Toller Krimi, gerne empfehle ich das Buch weiter!
ausgelesen –
Wyk auf Föhr zu Neujahr gibt es eine tolle Sitte das Kenkerns .Dann gehen die Menschen verkleidet rum und bitten mit einem Reim ums Süßigkeiten.
Doch diesesmal endet dieser Brauch mit einem grausamen Mord.
Eine Leiche wird gefunden..verbrannt.
Das Ermittler Paar Birte Lohse und Rainer Speckmann werden zur Hilfe geholt. Mit ihnen ein Forensik Team .
Nach kürzester Zeit wird noch eine junge Frau als vermisst gemeldet . Die Zeit drängt also
Die ganze Insel begibt sich auf die Suche nach den jungen Frauen .Dabei wird die zweite Leiche , wieder grausam, verbrannt gefunden .
Das Ermittlerteam kann zwar auf die Mithilfe auf fast der ganzen Insel hoffen. aber sagen auch alle die Wahrheit?
Birte und Rainer haben nicht immer den Eindruck .
Nach und nach decken die beiden eine unglaubliche Geschichte auf .
Die Autorin konnte mich von der ersten Seite an wieder fesseln . Ob die die Dialoge zwischen Birte und Rainer sind , der Umgang zwischen den beiden besonders in riskanten Situationen .
Ob es die Tatortbeschreibungen oder die Landschaft war egal .

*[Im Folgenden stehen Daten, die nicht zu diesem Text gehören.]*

lemma tendsto_power_sum_shift_first_order:
  fixes p c :: "nat \<Rightarrow> real" and a :: real
  assumes "finite I" "\<And>k. k \<in> I \<Longrightarrow> p k > 0"
  shows "((\<lambda>e. ((\<Sum>k\<in>I. (p k + c k * e) powr a) - (\<Sum>k\<in>I. p k powr a)) / e)
          \<longlongrightarrow> a * (\<Sum>k\<in>I. c k * p k powr (a - 1))) (at_right 0)"
proof -
  have "((\<lambda>e. \<Sum>k\<in>I. ((p k + c k * e) powr a - p k powr a) / e)
        \<longlongrightarrow> (\<Sum>k\<in>I. a * p k powr (a - 1) * c k)) (at_right 0)"
    by (intro tendsto_sum tendsto_powr_shift_difference_quotient assms)
  then show ?thesis
    by (simp add: sum_subtractf sum_divide_distrib[symmetric] sum_distrib_left mult_ac)
qed

lemma tendsto_power_sum_shift_second_order:
  fixes p c :: "nat \<Rightarrow> real" and a :: real
  assumes "finite I" "\<And>k. k \<in> I \<Longrightarrow> p k > 0"
  shows "((\<lambda>e. ((\<Sum>k\<in>I. (p k + c k * e) powr a) - (\<Sum>k\<in>I. p k powr a)
                 - a * e * (\<Sum>k\<in>I. c k * p k powr (a - 1))) / e\<^sup>2)
          \<longlongrightarrow> a * (a - 1) / 2 * (\<Sum>k\<in>I. (c k)\<^sup>2 * p k powr (a - 2))) (at_right 0)"
proof -
  have "((\<lambda>e. \<Sum>k\<in>I. ((p k + c k * e) powr a - p k powr a - a * p k powr (a - 1) * c k * e) / e\<^sup>2)
        \<longlongrightarrow> (\<Sum>k\<in>I. a * (a - 1) / 2 * (c k)\<^sup>2 * p k powr (a - 2))) (at_right 0)"
    by (intro tendsto_sum tendsto_powr_shift_second_order assms)
  then show ?thesis
    by (simp add: sum_subtractf sum_divide_distrib[symmetric] sum_distrib_left mult_ac)
qed
lemma shuffle_sign_swap:
  assumes "finite A" "finite B" "A \<inter> B = {}"
  shows "shuffle_sign B A = (-1) ^ (card A * card B) * shuffle_sign A B"
proof -
  have square: "shuffle_sign A B * shuffle_sign A B = 1"
    by (simp add: shuffle_sign_def power_mult_distrib[symmetric])
  have "shuffle_sign A B * shuffle_sign B A = (-1) ^ (card A * card B)"
    by (simp add: shuffle_sign_def power_add[symmetric] inv_count_swap[OF assms])
  then have "shuffle_sign A B * (shuffle_sign A B * shuffle_sign B A) = shuffle_sign A B * (-1) ^ (card A * card B)"
    by simp
  then show ?thesis
    by (simp add: mult.assoc[symmetric] square mult.commute)
qed

lemma shuffle_sign_assoc:
  assumes "finite U" "R \<subseteq> S" "S \<subseteq> U"
  shows "shuffle_sign S (U - S) * shuffle_sign R (S - R) = shuffle_sign R (U - R) * shuffle_sign (S - R) (U - S)"
proof -
  have fin: "finite S" "finite R"
    using finite_subset[OF assms(3,1)] finite_subset[OF subset_trans[OF assms(2,3)] assms(1)] .
  have S: "R \<union> (S - R) = S" and UR: "(S - R) \<union> (U - S) = U - R"
    using assms by auto
  have "inv_count (R \<union> (S - R)) (U - S) = inv_count R (U - S) + inv_count (S - R) (U - S)"
    by (rule inv_count_Un_left) (use fin assms in auto)
  moreover have "inv_count R ((S - R) \<union> (U - S)) = inv_count R (S - R) + inv_count R (U - S)"
    by (rule inv_count_Un_right) (use fin assms in auto)
  ultimately have "inv_count S (U - S) + inv_count R (S - R) = inv_count R (U - R) + inv_count (S - R) (U - S)"
    unfolding S UR by simp
  then show ?thesis
    unfolding shuffle_sign_def power_add[symmetric] by (simp only:)
qed

subsection \<open>The product of Grassmann-coefficient series\<close>

definition splittings :: "nat \<Rightarrow> nat set \<Rightarrow> (nat \<times> nat set) set" where
  "splittings a U = {..a} \<times> Pow U"

lemma finite_splittings: "finite U \<Longrightarrow> finite (splittings a U)"
  by (simp add: splittings_def)

lemma smul_splittings:
  "finite U \<Longrightarrow> smul f g a U = (\<Sum>(b, S)\<in>splittings a U. shuffle_sign S (U - S) * f b S * g (a - b) (U - S))"
  unfolding smul_def splittings_def shuffle_sign_def by (simp add: sum.cartesian_product)

lemma smul_infinite: "infinite U \<Longrightarrow> smul f g a U = 0"
  unfolding smul_def by simp

lemma smul_nonzero:
  assumes "smul f g a U \<noteq> 0"
  shows "finite U \<and> (\<exists>b S. b \<le> a \<and> S \<subseteq> U \<and> f b S \<noteq> 0 \<and> g (a - b) (U - S) \<noteq> 0)"
proof -
  have fU: "finite U" using assms smul_infinite by blast
  from assms obtain b S where "b \<le> a" "S \<subseteq> U" "shuffle_sign S (U - S) * f b S * g (a - b) (U - S) \<noteq> 0"
    unfolding smul_splittings[OF fU] splittings_def by (auto elim!: sum.not_neutral_contains_not_neutral)
  with fU show ?thesis by auto
qed

lemma sum_Sigma_pairs:
  assumes "finite A" "\<And>b S. (b, S) \<in> A \<Longrightarrow> finite (B b S)"
  shows "(\<Sum>(b, S)\<in>A. \<Sum>(c, R)\<in>B b S. E b S c R) = (\<Sum>((b, S), (c, R))\<in>Sigma A (\<lambda>(b, S). B b S). E b S c R)"
  using assms by (subst sum.Sigma[symmetric]) (auto simp: split_def)

lemma smul_smul_left_expand:
  assumes "finite U"
  shows "smul (smul f g) h a U = (\<Sum>(b, S)\<in>splittings a U. \<Sum>(c, R)\<in>splittings b S.
    shuffle_sign S (U - S) * shuffle_sign R (S - R) * f c R * g (b - c) (S - R) * h (a - b) (U - S))"
  unfolding smul_splittings[OF assms]
proof (intro sum.cong refl, clarify)
  fix b S assume "(b, S) \<in> splittings a U"
  then have "finite S" using finite_subset[OF _ assms] by (auto simp: splittings_def)
  then show "shuffle_sign S (U - S) * smul f g b S * h (a - b) (U - S) = (\<Sum>(c, R)\<in>splittings b S.
    shuffle_sign S (U - S) * shuffle_sign R (S - R) * f c R * g (b - c) (S - R) * h (a - b) (U - S))"
    unfolding smul_splittings[OF \<open>finite S\<close>] sum_distrib_left sum_distrib_right
    by (simp add: split_def ac_simps)
qed

lemma smul_smul_right_expand:
  assumes "finite U"
  shows "smul f (smul g h) a U = (\<Sum>(c, R)\<in>splittings a U. \<Sum>(d, T)\<in>splittings (a - c) (U - R).
    shuffle_sign R (U - R) * shuffle_sign T (U - R - T) * f c R * g d T * h (a - c - d) (U - R - T))"
  unfolding smul_splittings[OF assms]
proof (intro sum.cong refl, clarify)
  fix c R
  have "finite (U - R)" using assms by simp
  then show "shuffle_sign R (U - R) * f c R * smul g h (a - c) (U - R) = (\<Sum>(d, T)\<in>splittings (a - c) (U - R).
    shuffle_sign R (U - R) * shuffle_sign T (U - R - T) * f c R * g d T * h (a - c - d) (U - R - T))"
    unfolding smul_splittings[OF \<open>finite (U - R)\<close>] sum_distrib_left
    by (simp add: split_def ac_simps)
qed

text \<open>Both triple products run over chains R \<subseteq> S \<subseteq> U, indexed by (S, R) resp. (R, S - R).\<close>

lemma smul_assoc: "smul (smul f g) h = smul f (smul g h)"
proof (intro ext)
  fix a U
  show "smul (smul f g) h a U = smul f (smul g h) a U"
  proof (cases "finite U")
    case False
    then show ?thesis by (simp add: smul_infinite)
  next
    case fU: True
    have diff: "U - R - (S - R) = U - S" if "R \<subseteq> S" for R S
      using that by auto
    have "smul (smul f g) h a U = (\<Sum>((b, S), (c, R))\<in>Sigma (splittings a U) (\<lambda>(b, S). splittings b S).
      shuffle_sign S (U - S) * shuffle_sign R (S - R) * f c R * g (b - c) (S - R) * h (a - b) (U - S))"
      unfolding smul_smul_left_expand[OF fU]
      by (rule sum_Sigma_pairs) (auto simp: splittings_def fU dest: finite_subset[OF _ fU])
    also have "\<dots> = (\<Sum>((c, R), (d, T))\<in>Sigma (splittings a U) (\<lambda>(c, R). splittings (a - c) (U - R)).
      shuffle_sign R (U - R) * shuffle_sign T (U - R - T) * f c R * g d T * h (a - c - d) (U - R - T))"
      by (rule sum.reindex_bij_witness[where i = "\<lambda>((c, R), (d, T)). ((c + d, R \<union> T), (c, R))"
                                          and j = "\<lambda>((b, S), (c, R)). ((c, R), (b - c, S - R))"])
         (auto simp: splittings_def diff shuffle_sign_assoc[OF fU, symmetric] ac_simps)
    also have "\<dots> = smul f (smul g h) a U"
      unfolding smul_smul_right_expand[OF fU]
      by (rule sum_Sigma_pairs[symmetric]) (auto simp: finite_splittings fU)
    finally show ?thesis .
  qed
qed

Das Buch war sehr angenehm zu lesen .
Es wurden auch einige heikle Themen behandelt , welche Macht Worte haben , Klischees und Hörigkeit
MK262 –
Wen man ein Buch von Nele Bruun liest ist die Spannung und die Überraschung schon vorprogrammiert. Das Titelbild gefällt mir sehr gut und man kann auch schon ein Lagerfeuer sehen um das es dann später auch geht. Birte Lohse und Rainer Speckmann werden nach Föhr gerufen wo am Morgen von Neujahr eine bis zur Unkenntlichkeit verbrannte Leiche gefunden wurde. Sie werden wieder mit ihrem Eigenheiten und ihrem speziellen Norddeutschen Charme beschrieben was mit immer sehr gut gefällt. Die beiden Kriminalhauptkommissare sind nicht nur im Dienst ein Paar sonder auch verheiratet, was das ganz sehr oft nicht leichter macht. Durch die Wendungen und Verwirrungen hat sich die Spannung ganz wunderbar immer wieder aufgebaut. Ein toller Küstenkrimi.
Ellischa –
Das Jahr beginnt ja gut …
Birte Lohse und Rainer Speckmann werden am Neujahrsmorgen zu einer Tatort gerufen. Eine Frau wurde bis zur Unkenntlichkeit verbrannt. Und plötzlich wird eine zweite junge Frau vermisst … hängt das alles zusammen?
Die Zeit drängt. Wird die Frau rechtzeitig gefunden?
Die Geschichte ist spannend und es gibt immer wieder überraschende Wendungen. Die einzelnen Orte, Szenen sind sehr bildlich beschrieben, das Kopfkino springt sozusagen an. Für mich spielt sich ein bisschen zu viel auf der persönlichen Ebene zwischen den Ermittlern ab. Mir wäre es lieber, wenn es nur Kollegen wären.
Der Schreibstil ist toll. Kurze, prägnante Sätze – so kann man das Buch schnell an einem Abend lesen. Die Auflösung ist für mich logisch (ich finde nichts schlimmer als wenn die Auflösung an den Haaren herbeigezogen ist).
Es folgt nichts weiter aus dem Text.